I’m not saying Niagara sucks. It rocks, and its price rocks even more. Now that Ubuntu runs on top of it I’m seriously thinking about ordering two T1000 with fiber (no, no desktop purposes). And I seriously hope to employ at least one Cell blade as special service processor in the back somewhere in the future.
Again, I’m not saying that Java or Solaris sucks, just that there are many purposes where Java or Solaris doesn’t fit. In fact “where Java sucks” completely describes my needs, but they are special and very uncommon so I don’t apply them as general logic, but personal bias and personal needs. And “where Solaris does not rock” describes my personal preference and the fact that Solaris is not working with Xen yet (no, zones are a long way from satisfactory solution for me).
Marketing logic (as being best hammer in every way, or better said untruth in marketing) you’ve been describing is SUNs way, not IBMs.
Couple that with the difficulty to properly optimise software for its unique and quirky design, even if all were going to plan, its not going to deliver if the software which runs ontop can’t exploit the full power of the processors.
Same thing was said about moving from DOS to Windows, SSE, SMP, multicore… So, your point would be? Just as there are now SSE optimizations, there will be Cell optimizations (octopiler) and just as the only good SSE optimization is handcrafted, the only good Cell optimization will be like that too.
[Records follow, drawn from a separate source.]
(* Under the standing assumptions of the setup, for every $(v,w)$ with $\nu(v,w)>0$, \[ \gamma_\ell(v,w)\le \mathbb{E}(Y^1-Y^0\mid V=v,W=w,E=1)\le \gamma_u(v,w), \] where \[ \gamma_\ell(v,w)=\max\left\{\frac{\mu_1(v)-\mu_0(v)-(b-a)(1-\nu(v,w))}{\nu(v,w)},\,a-b\right\},\qquad \gamma_u(v,w)=\min\left\{\frac{\mu_1(v)-\mu_0(v)-(a-b)(1-\nu(v,w))}{\nu(v,w)},\,b-a\right\}. \]
   Context: Setup: there are random variables $V$ (covariates, discrete or continuous), $W$ (covariates taking finitely many values), a population indicator $E\in\{0,1\}$ ($E=1$: study population, $E=0$: target population), a treatment $A\in\{0,1\}$, potential outcomes $Y^1,Y^0\in[a,b]$ almost surely for known constants $a<b$, and observed outcome $Y=Y^A$ (consistency). In the study population ($E=1$) treatment is unconfounded given $V$: $A\perp\!\!\!\perp (Y^0,Y^1)\mid V,E=1$. Positivity: $\mathbb{P}(A=a'\mid V=v,W=w)>0$ for $a'\in\{0,1\}$ and all $(v,w)$. Transport assumptions: (1) $\mathbb{P}(W=w\mid V=v,E=1)=\mathbb{P}(W=w\mid V=v,E=0)$ for all $v,w$; (2) $\mathbb{E}(Y^1-Y^0\mid V,W,E=1)=\mathbb{E}(Y^1-Y^0\mid V,W,E=0)$. Notation: $\mu_{a'}(v)=\mathbb{E}(Y\mid V=v,A=a',E=1)$ for $a'\in\{0,1\}$, and $\nu(v,w)=\mathbb{P}(W=w\mid V=v,E=0)$. *)

theory Defs
  imports "HOL-Probability.Probability"
begin

text \<open>A version of the conditional expectation E(f | G, S) of f given the random
  element G (with values in the measurable space N) within the subpopulation
  (event) S, represented (Doob--Dynkin) as a measurable function g on the value
  space of G: for every measurable set B of values,
  E(f 1_S 1_{G in B}) = E(g(G) 1_S 1_{G in B}).  Division by P(S) cancels.\<close>
definition cond_exp_version ::
  "'a measure \<Rightarrow> 'g measure \<Rightarrow> ('a \<Rightarrow> 'g) \<Rightarrow> 'a set \<Rightarrow> ('a \<Rightarrow> real) \<Rightarrow> ('g \<Rightarrow> real) \<Rightarrow> bool"
where
  "cond_exp_version M N G S f g \<longleftrightarrow>
     g \<in> borel_measurable N \<and>
     integrable M (\<lambda>x. indicator S x * g (G x)) \<and>
     (\<forall>B\<in>sets N. (\<integral>x. indicator (S \<inter> G -` B) x * f x \<partial>M)
                 = (\<integral>x. indicator (S \<inter> G -` B) x * g (G x) \<partial>M))"

definition cond_prob_version ::
  "'a measure \<Rightarrow> 'g measure \<Rightarrow> ('a \<Rightarrow> 'g) \<Rightarrow> 'a set \<Rightarrow> 'a set \<Rightarrow> ('g \<Rightarrow> real) \<Rightarrow> bool"
where
  "cond_prob_version M N G S C p \<longleftrightarrow> cond_exp_version M N G S (indicator C) p"

definition gamma_l :: "real \<Rightarrow> real \<Rightarrow> real \<Rightarrow> real \<Rightarrow> real \<Rightarrow> real" where
  "gamma_l a b m1 m0 n = max ((m1 - m0 - (b - a) * (1 - n)) / n) (a - b)"

definition gamma_u :: "real \<Rightarrow> real \<Rightarrow> real \<Rightarrow> real \<Rightarrow> real \<Rightarrow> real" where
  "gamma_u a b m1 m0 n = min ((m1 - m0 - (a - b) * (1 - n)) / n) (b - a)"

end

theory Submission
  imports Defs
begin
Where is the difference?
/*speaking as one who will definitely try out Cell, so you could say I’m biased*/
If one sees reason why appying and optimizing is needed he will do it, if not? Well, he didn’t need that feature anyway (in Cell case it will be probably just one of the worst decisions of his life, he would fare with POWER or Niagara much better and probably for lower price). But if you don’t see the reason, this shouldn’t make the rule for everybody.
I for one definitely see the use of Cell in my services.
Edited 2006-03-12 19:08

2006-03-12 2:56 am
sithgunner
Besides that, I thought Cell doesn’t even run current flock of applications. It’s not like it’s another x86 compatible cpu.
That’s why they made 20x faster cpu than current pentium 4, because they made it for something that doesn’t need to run applications from 10 years ago and put the newest and greatest technology to make applications made for it to run good.

2006-03-12 3:06 am
MediaSex
“Besides that, I thought Cell doesn’t even run current flock of applications. It’s not like it’s another x86 compatible cpu.
That’s why they made 20x faster cpu than current pentium 4, because they made it for something that doesn’t need to run applications from 10 years ago and put the newest and greatest technology to make applications made for it to run good.”
WTF???
2006-03-12 6:15 pm
somebody
Besides that, I thought Cell doesn’t even run current flock of applications. It’s not like it’s another x86 compatible cpu.
??? It is a PPC. How could it be x86 compatible? And yes it runs current flock of PPS apps. Just not as fast as it could run them if it would be a regular POWER5.
That’s why they made 20x faster cpu than current pentium 4, because they made it for something that doesn’t need to run applications from 10 years ago and put the newest and greatest technology to make applications made for it to run good.
No, they made 20x faster CPU because they designed its special purpose. Number crunching.
It is easier to do better one thing than many things.

2006-03-12 3:05 am
MediaSex
“Couple that with the difficulty to properly optimise software for its unique and quirky design, even if all were going to plan, its not going to deliver if the software which runs ontop can’t exploit the full power of the processors. ”
As someone who works on PS3 devkit daily I can say without any hesitation that you are an idiot.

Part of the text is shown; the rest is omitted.